We've been getting increasingly involved in crypto investigation discussions, and largely:
- money side is getting more anonymous, e.g., monero / tornado
- ... in theory. Money crime still often using less anonymous schemes and often at exchange points, so chainanalysis-style companies still make sense, though decreasingly so IMO. A lot of the startups have shifted to verifying contracts, or providing (dubious) KYC risk scores, and interesting to consider why.
- For our customer base (half of which are sec/fraud/crime teams)... what's happening is the criminal platforms + participants have broken (digital) operational security. So it is more about offchain data (app logs, ...) and sometimes combining onchain<>offchain data.
So not too different from our projects tracking malware/phishing/misinformation/etc via OSINT techniques (IP addresses, unmasked metadata, ...), or detecting account takeovers on their websites
- ... more new, IMO, in this space is areas like graph neural networks that have the potential to act smarter & more automatically, e.g., understanding behavior. Very early days here though, so interesting times !
I don't think it was low-hanging at the time (2017). They had to figure out how to trace the bitcoin chain to unmask users.
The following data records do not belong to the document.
lemma integral_pos_of_continuous_nonneg:
  fixes f :: "'a::euclidean_space \<Rightarrow> real"
  assumes \<Omega>: "open \<Omega>" "bounded \<Omega>" and f: "continuous_on (closure \<Omega>) f"
    and nonneg: "\<And>x. x \<in> \<Omega> \<Longrightarrow> 0 \<le> f x" and z: "z \<in> closure \<Omega>" "0 < f z"
  shows "0 < integral \<Omega> f"
proof -
  obtain d where d: "d > 0" "\<forall>x\<in>closure \<Omega>. dist x z < d \<longrightarrow> dist (f x) (f z) < f z / 2"
    using f z unfolding continuous_on_iff by (meson half_gt_zero)
  obtain y where y: "y \<in> \<Omega>" "dist y z < d / 2"
    using z(1) d(1) unfolding closure_approachable by (meson half_gt_zero)
  obtain r where r: "r > 0" "ball y r \<subseteq> \<Omega>" using \<Omega>(1) y(1) open_contains_ball by blast
  define \<rho> where "\<rho> = min r (d / 2)"
  have \<rho>: "\<rho> > 0" "ball y \<rho> \<subseteq> \<Omega>" using r d(1) by (auto simp: \<rho>_def)
  have big: "f z / 2 \<le> f x" if x: "x \<in> ball y \<rho>" for x
  proof -
    have "dist x z < d" using x y(2) dist_triangle[of x z y] by (simp add: \<rho>_def dist_commute)
    moreover have "x \<in> closure \<Omega>" using x \<rho>(2) closure_subset by blast
    ultimately have "dist (f x) (f z) < f z / 2" using d(2) by blast
    then show ?thesis unfolding dist_real_def by linarith
  qed
  have K: "compact (closure \<Omega>)" using \<Omega>(2) compact_closure by blast
  have int_\<Omega>: "f integrable_on \<Omega>"
    by (rule continuous_on_compact_integrable_on[OF K f closure_subset lmeasurable_open[OF \<Omega>(2,1)]])
  have int_ball: "f integrable_on ball y \<rho>"
    by (rule continuous_on_compact_integrable_on[OF K f _ lmeasurable_ball])
       (use \<rho>(2) closure_subset in blast)
  have "0 < measure lebesgue (ball y \<rho>) * (f z / 2)"
    using content_ball_pos[OF \<rho>(1), of y] z(2) by simp
  also have "\<dots> = integral (ball y \<rho>) (\<lambda>_. 1 * (f z / 2))"
    by (simp only: integral_mult_left lmeasure_integral[OF lmeasurable_ball])
  also have "\<dots> \<le> integral (ball y \<rho>) f"
    by (rule integral_le[OF integrable_on_const[OF lmeasurable_ball] int_ball]) (use big in auto)
  also have "\<dots> \<le> integral \<Omega> f"
    by (rule integral_subset_le[OF \<rho>(2) int_ball int_\<Omega>]) (use nonneg in auto)
  finally show ?thesis .
qed

lemma hat_integral_pos:
  assumes M: "simplicial_mesh \<T> \<Omega>" and L: "lipschitz_domain \<Omega>" and z: "z \<in> nodes \<T>"
  shows "0 < integral \<Omega> (hat \<T> z)"
proof (rule integral_pos_of_continuous_nonneg)
  show "open \<Omega>" "bounded \<Omega>" using L unfolding lipschitz_domain_def by blast+
  show "continuous_on (closure \<Omega>) (hat \<T> z)"
    using S1D(1)[OF hat_in_S1[OF M]] simplicial_meshD(3)[OF M] by simp
  show "0 \<le> hat \<T> z x" for x by (rule hat_nonneg[OF M])
  obtain T where T: "T \<in> \<T>" "z \<in> verts T" using z unfolding nodes_def by blast
  then have "z \<in> \<Union>\<T>" using is_simplex_verts(4)[OF simplicial_meshD(2)[OF M T(1)]] by blast
  then show "z \<in> closure \<Omega>" using simplicial_meshD(3)[OF M] by simp
  show "0 < hat \<T> z z" using hat_at_node[OF M z] by simp
qed

lemma S1_mult_right:
  assumes f: "f \<in> S1 \<T>"
  shows "(\<lambda>x. f x * c) \<in> S1 \<T>"
  unfolding S1_def
proof (intro CollectI conjI ballI allI impI)
  show "continuous_on (\<Union>\<T>) (\<lambda>x. f x * c)" using S1D(1)[OF f] by (intro continuous_intros)
next
  fix T assume "T \<in> \<T>"
  then obtain a b where "\<forall>x\<in>T. f x = a \<bullet> x + b" using S1D(2)[OF f] by blast
  then have "\<forall>x\<in>T. f x * c = (c *\<^sub>R a) \<bullet> x + b * c" by (simp add: algebra_simps)
  then show "\<exists>a c'. \<forall>x\<in>T. f x * c = a \<bullet> x + c'" by blast
qed (simp add: S1D(3)[OF f])

lemma hat_scaleR_in_S1v:
  assumes M: "simplicial_mesh \<T> \<Omega>"
  shows "(\<lambda>x. hat \<T> z x *\<^sub>R e) \<in> S1v \<T>"
  unfolding S1v_def using S1_mult_right[OF hat_in_S1[OF M]] by simp

lemma lumped_hat:
  assumes M: "simplicial_mesh \<T> \<Omega>" and z: "z \<in> nodes \<T>"
  shows "lumped \<T> \<Omega> \<psi> (\<lambda>x. hat \<T> z x *\<^sub>R e) = (\<psi> z \<bullet> e) * integral \<Omega> (hat \<T> z)"
proof -
  have "interp \<T> (\<lambda>x. \<psi> x \<bullet> (hat \<T> z x *\<^sub>R e)) x = (\<psi> z \<bullet> e) * hat \<T> z x" for x
  proof -
    have "interp \<T> (\<lambda>x. \<psi> x \<bullet> (hat \<T> z x *\<^sub>R e)) x
        = (\<Sum>z'\<in>nodes \<T>. if z' = z then (\<psi> z \<bullet> e) * hat \<T> z x else 0)"
      unfolding interp_def using hat_at_node[OF M] by (intro sum.cong) auto
    also have "\<dots> = (\<psi> z \<bullet> e) * hat \<T> z x" using finite_nodes[OF M] z by simp
    finally show ?thesis .
  qed
  then have "interp \<T> (\<lambda>x. \<psi> x \<bullet> (hat \<T> z x *\<^sub>R e)) = (\<lambda>x. (\<psi> z \<bullet> e) * hat \<T> z x)" ..
  then show ?thesis unfolding lumped_def by simp
qed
They also had to cast a wide international net with different jurisdictions and rules to get the people arrested by their locality.
Now having a clearnet IP address over Tor website, as well as converting straight to fiat using standard exchanges is about as low-hanging as it gets.
No single technology is a magic bullet for privacy.
In the article, there were many users with low technical competence interacting with a central criminal site that, itself, made some pretty glaring mistakes. The stupidity of all is what made them easy to catch.
What if the central site had not left its IP out in plain sight? Its operators would still likely have been caught because many of the bitcoins they were cashing out could have been tracked due to mistakes made by the site's users. Then, once the site's servers were captured, it's data could have been used to track down users who had made fewer mistakes.
Will future sites and users make the same mistakes? Probably less frequently, but they'll make new mistakes too. Law enforcement will adapt and come up with new ways to track criminals down. No system with users can ever be totally secure.
On the other hand, you can do a lot better if you cut down the number of users. e.g. If criminals hack a company's servers and extract a ransom, the transaction will probably have a much higher standard of anonymity because the hackers are more security minded and can specify how their victim acquires cryptocurrency and transfers it.
The crypto haters and maxis are both right and wrong at the same time. Bitcoin isn't private if you aren't careful and knowledgeable, but bitcoin absolutely can be used for crime if it's the right kind of crime. We're currently seeing a renaissance in ransomware attacks thanks to bitcoin.
It is a weird story. On the one end, anyone using crypto by now should know, there is a trail following it ( there are means to obscure it, but a lot of ways to screw up too ). On the other, does that mean this investigation was a low hanging fruit?